На счет скользковатый - нет. Я другими методами пользуюсь, чисто женскими с мужчинами и чисто мужскими с женщинами. Молчу я только тогда, когда я могу позволить это без ущерба для себя. А на счёт того, что  соседка в высоком положении - мне всё равно, реакция будет однозначной. Меня за это женский пол и не любит))).

----------


## BiZ111

> На счет скользковатый - нет. Я другими методами пользуюсь, чисто женскими с мужчинами и чисто мужскими с женщинами. Молчу я только тогда, *когда я могу позволить это без ущерба для себя*. А на счёт того, что  *соседка в высоком положении - мне всё равно*, реакция будет однозначной. Меня за это женский пол и не любит))).
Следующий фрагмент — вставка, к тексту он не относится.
lemma msgs_on_insert_bij:
  assumes "m \<notin> I"
  shows "bij_betw (\<lambda>(x, w). x(m := w)) (msgs_on I q \<times> {w. length w = q m}) (msgs_on (insert m I) q)"
proof (rule bij_betw_imageI)
  show "inj_on (\<lambda>(x, w). x(m := w)) (msgs_on I q \<times> {w. length w = q m})"
  proof (rule inj_onI, clarify)
    fix x w x' w'
    assume "x \<in> msgs_on I q" "x' \<in> msgs_on I q" and eq: "x(m := w) = x'(m := w')"
    then have "x m = x' m" using assms by (simp add: msgs_on_def)
    then show "x = x' \<and> w = w'" using eq by (metis fun_upd_idem_iff fun_upd_upd fun_upd_same)
  qed
  show "(\<lambda>(x, w). x(m := w)) ` (msgs_on I q \<times> {w. length w = q m}) = msgs_on (insert m I) q"
  proof (intro equalityI subsetI)
    fix y assume y: "y \<in> msgs_on (insert m I) q"
    then have "(y(m := []), y m) \<in> msgs_on I q \<times> {w. length w = q m}"
      using assms by (auto simp: msgs_on_def)
    then show "y \<in> (\<lambda>(x, w). x(m := w)) ` (msgs_on I q \<times> {w. length w = q m})"
      by (force intro: rev_image_eqI)
  qed (use assms in \<open>auto simp: msgs_on_def\<close>)
qed

lemma finite_card_msgs_on:
  assumes "finite I"
  shows "finite (msgs_on I q) \<and> card (msgs_on I q) = 2 ^ (\<Sum>i\<in>I. q i)"
  using assms
proof (induction rule: finite_induct)
  case empty
  have "msgs_on {} q = {\<lambda>_. []}" by (auto simp: msgs_on_def)
  then show ?case by simp
next
  case (insert m I)
  have fin: "finite {w :: bool list. length w = q m}"
    using finite_lists_length_eq[of "UNIV :: bool set"] by simp
  note bij = msgs_on_insert_bij[OF insert.hyps(2), of q]
  show ?case
    using bij_betw_finite[OF bij] bij_betw_same_card[OF bij] insert.IH insert.hyps fin
    by (simp add: card_cartesian_product card_bool_lists power_add mult.commute)
qed

section \<open>Separating encodings\<close>

definition separating ::
  "nat \<Rightarrow> (nat \<Rightarrow> nat) \<Rightarrow> (nat \<times> nat) set \<Rightarrow> ((nat \<Rightarrow> bool list) \<Rightarrow> bool list) \<Rightarrow> bool" where
  "separating n q A E \<longleftrightarrow>
     (\<forall>x y i j. valid_msgs n q x \<longrightarrow> valid_msgs n q y \<longrightarrow> E x = E y \<longrightarrow>
        i < n \<longrightarrow> (j, i) \<in> A \<longrightarrow> x i = y i \<longrightarrow> x j = y j)"

lemma separatingD:
  "separating n q A E \<Longrightarrow> valid_msgs n q x \<Longrightarrow> valid_msgs n q y \<Longrightarrow> E x = E y \<Longrightarrow>
   i < n \<Longrightarrow> (j, i) \<in> A \<Longrightarrow> x i = y i \<Longrightarrow> x j = y j"
  unfolding separating_def by blast

lemma index_code_separating:
  assumes "index_code n q A len E D"
  shows "separating n q A E"
  unfolding separating_def
proof (intro allI impI)
  fix x y i j
  assume "valid_msgs n q x" "valid_msgs n q y" "E x = E y" "i < n" "(j, i) \<in> A" "x i = y i"
  then have "requested A i x = requested A i y"
    using assms unfolding index_code_def by metis
  then show "x j = y j" using \<open>(j, i) \<in> A\<close> by (metis requested_def)
qed

text \<open>Receiver \<open>i\<close> decodes by picking any message tuple consistent with the codeword and
  with its own message; separation makes the choice irrelevant for its requests.\<close>
lemma separating_index_code:
  assumes sep: "separating n q A E" and len: "\<forall>x. valid_msgs n q x \<longrightarrow> length (E x) = len"
  shows "\<exists>D. index_code n q A len E D"
proof
  let ?D = "\<lambda>i c xi. requested A i (SOME y. valid_msgs n q y \<and> E y = c \<and> y i = xi)"
  show "index_code n q A len E ?D"
    unfolding index_code_def
  proof (intro conjI allI impI)
    fix i x assume i: "i < n" and x: "valid_msgs n q x"
    let ?P = "\<lambda>y. valid_msgs n q y \<and> E y = E x \<and> y i = x i"
    have "?P (SOME y. ?P y)" using x by (intro someI[of ?P x]) simp
    then have "requested A i (SOME y. ?P y) = requested A i x"
      using separatingD[OF sep _ x _ i] by (auto simp: requested_def)
    then show "?D i (E x) (x i) = requested A i x" by simp
  qed (use len in blast)
qed

section \<open>Leaf strongly connected components of information-flow graphs\<close>

definition forward_closed :: "(nat \<times> nat) set \<Rightarrow> nat set \<Rightarrow> bool" where
  "forward_closed A C \<longleftrightarrow> (\<forall>u\<in>C. \<forall>v. (u, v) \<in> A \<longrightarrow> v \<in> C)"

lemma forward_closed_rtrancl:
  assumes "forward_closed A C" "a \<in> C" "(a, b) \<in> A\<^sup>*"
  shows "(a, b) \<in> (A \<inter> C \<times> C)\<^sup>* \<and> b \<in> C"
  using assms(3)
proof (induction rule: rtrancl_induct)
  case (step y z)
  then have "z \<in> C" using assms(1) unfolding forward_closed_def by blast
  with step show ?case by (meson IntI SigmaI rtrancl.rtrancl_into_rtrancl)
qed (use assms in simp)

lemma strongly_connected_in_rtrancl:
  "strongly_connected_in A C \<Longrightarrow> u \<in> C \<Longrightarrow> v \<in> C \<Longrightarrow> (u, v) \<in> A\<^sup>*"
  unfolding strongly_connected_in_def by (meson inf_le1 rtrancl_mono subsetD)

locale flow_graph =
  fixes n :: nat and A :: "(nat \<times> nat) set"
  assumes info_flow_graph: "info_flow_graph n A"
begin

lemma arc_bounded: "(a, b) \<in> A \<Longrightarrow> a < n \<and> b < n"
  using info_flow_graph unfolding info_flow_graph_def by auto

lemma no_loop: "(a, a) \<notin> A"
  using info_flow_graph unfolding info_flow_graph_def by auto

lemma rtrancl_bounded: "(a, b) \<in> A\<^sup>* \<Longrightarrow> a < n \<Longrightarrow> b < n"
  by (induction rule: rtrancl_induct) (auto dest: arc_bounded)

lemma finite_reachable: "v < n \<Longrightarrow> finite (A\<^sup>* `` {v})"
  by (rule finite_subset[of _ "{..<n}"]) (auto dest: rtrancl_bounded)

text \<open>A vertex reachable from \<open>v\<close> with the fewest reachable vertices can reach back from
  everything it reaches.\<close>
lemma reaches_bottom_vertex:
  assumes "v < n"
  obtains u where "(v, u) \<in> A\<^sup>*" "\<And>w. (u, w) \<in> A\<^sup>* \<Longrightarrow> (w, u) \<in> A\<^sup>*"
proof -
  obtain u where vu: "(v, u) \<in> A\<^sup>*"
    and least: "\<And>u'. (v, u') \<in> A\<^sup>* \<Longrightarrow> card (A\<^sup>* `` {u}) \<le> card (A\<^sup>* `` {u'})"
    using ex_has_least_nat[of "\<lambda>u. (v, u) \<in> A\<^sup>*" v "\<lambda>u. card (A\<^sup>* `` {u})"] by auto
  have "(w, u) \<in> A\<^sup>*" if uw: "(u, w) \<in> A\<^sup>*" for w
  proof -
    have "A\<^sup>* `` {w} \<subseteq> A\<^sup>* `` {u}" using uw by auto
    moreover have "card (A\<^sup>* `` {u}) \<le> card (A\<^sup>* `` {w})" using least vu uw by (meson rtrancl_trans)
    ultimately have "A\<^sup>* `` {w} = A\<^sup>* `` {u}"
      using finite_reachable[OF rtrancl_bounded[OF vu assms]] by (meson card_seteq)
    then show ?thesis by auto
  qed
  with vu that show ?thesis by blast
qed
Как это? Соседка возьмёт, да отключит вашу квартиру от горячей воды по утрам. С тараканами в голове она, допустим. Полномочий хватает и для этого и для того, чтобы ей никто не помешал. Что тогда?

----------


## Irina

> Как это? Соседка возьмёт, да отключит вашу квартиру от горячей воды по утрам. С тараканами в голове она, допустим. Полномочий хватает и для этого и для того, чтобы ей никто не помешал. Что тогда?


Считаешь, что против лома нет приёма?))) А слышал, что большие шкафы громко падают?)). Лирика это всё. У меня с соседями прекрасные отношения. Тем более у меня их очень мало.

----------


## BiZ111

> Считаешь, что против лома нет приёма?))) А слышал, что большие шкафы громко падают?)). Лирика это всё. У меня с соседями прекрасные отношения. Тем более у меня их очень мало.
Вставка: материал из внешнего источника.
lemma sums_integral_geometric_bound:
  fixes f :: "nat \<Rightarrow> real \<Rightarrow> complex"
  assumes meas: "\<And>n. f n \<in> borel_measurable borel" "g \<in> borel_measurable borel"
    and bound: "\<And>n x. x \<in> {0..1} \<Longrightarrow> norm (f n x) \<le> q ^ n" and q: "0 \<le> q" "q < 1"
    and sums: "\<And>x. x \<in> {0..1} \<Longrightarrow> (\<lambda>n. f n x) sums g x"
  shows "(\<lambda>n. \<integral>x. f n x \<partial>\<mu>) sums (\<integral>x. g x \<partial>\<mu>)"
proof -
  have measM: "f n \<in> borel_measurable \<mu>" "g \<in> borel_measurable \<mu>" for n
    using meas measurable_cong_sets[OF events_eq_borel refl] by blast+
  have AE_bound: "AE x in \<mu>. norm (f n x) \<le> q ^ n" for n
    using AE_unit_interval by eventually_elim (rule bound)
  have int: "integrable \<mu> (f n)" for n
    by (rule integrable_const_bound[OF AE_bound measM(1)])
  have geom: "summable (\<lambda>n. q ^ n)"
    using q by (intro summable_geometric) auto
  have AE_summable: "AE x in \<mu>. summable (\<lambda>n. norm (f n x))"
    using AE_unit_interval
    by eventually_elim (rule summable_comparison_test'[OF geom], use bound in auto)
  have "(\<integral>x. norm (f n x) \<partial>\<mu>) \<le> q ^ n" for n
    using int AE_bound by (intro integral_le_const) auto
  then have summable_int: "summable (\<lambda>n. \<integral>x. norm (f n x) \<partial>\<mu>)"
    by (intro summable_comparison_test'[OF geom]) auto
  have "(\<lambda>n. \<integral>x. f n x \<partial>\<mu>) sums (\<integral>x. (\<Sum>n. f n x) \<partial>\<mu>)"
    by (rule sums_integral[OF int AE_summable summable_int])
  also have "(\<integral>x. (\<Sum>n. f n x) \<partial>\<mu>) = (\<integral>x. g x \<partial>\<mu>)"
  proof (rule integral_cong_AE)
    show "(\<lambda>x. \<Sum>n. f n x) \<in> borel_measurable \<mu>"
      by (rule borel_measurable_integrable[OF integrable_suminf[OF int AE_summable summable_int]])
    show "AE x in \<mu>. (\<Sum>n. f n x) = g x"
      using AE_unit_interval by eventually_elim (use sums in \<open>simp add: sums_iff\<close>)
  qed (rule measM)
  finally show ?thesis .
qed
Приём есть, но лишь у абсолютных единиц на планете. Такие шкафы, как, допустим, Apple (3/4 рынка мультимедиа), не падают  И речь идёт не о ваших конкретных соседях. И почему против вашего "лома", не найдётся ответный лом у соседки? Вы считаете себя непобедимой что ли?

----------


## Irina

Я себя непобедимой не считаю, но никому не позволю нагло лезть в душу и топтаться там грязными сапогами. Вот и всё.

----------


## BiZ111

> Я себя непобедимой не считаю, но никому не позволю нагло лезть в душу и топтаться там грязными сапогами. Вот и всё.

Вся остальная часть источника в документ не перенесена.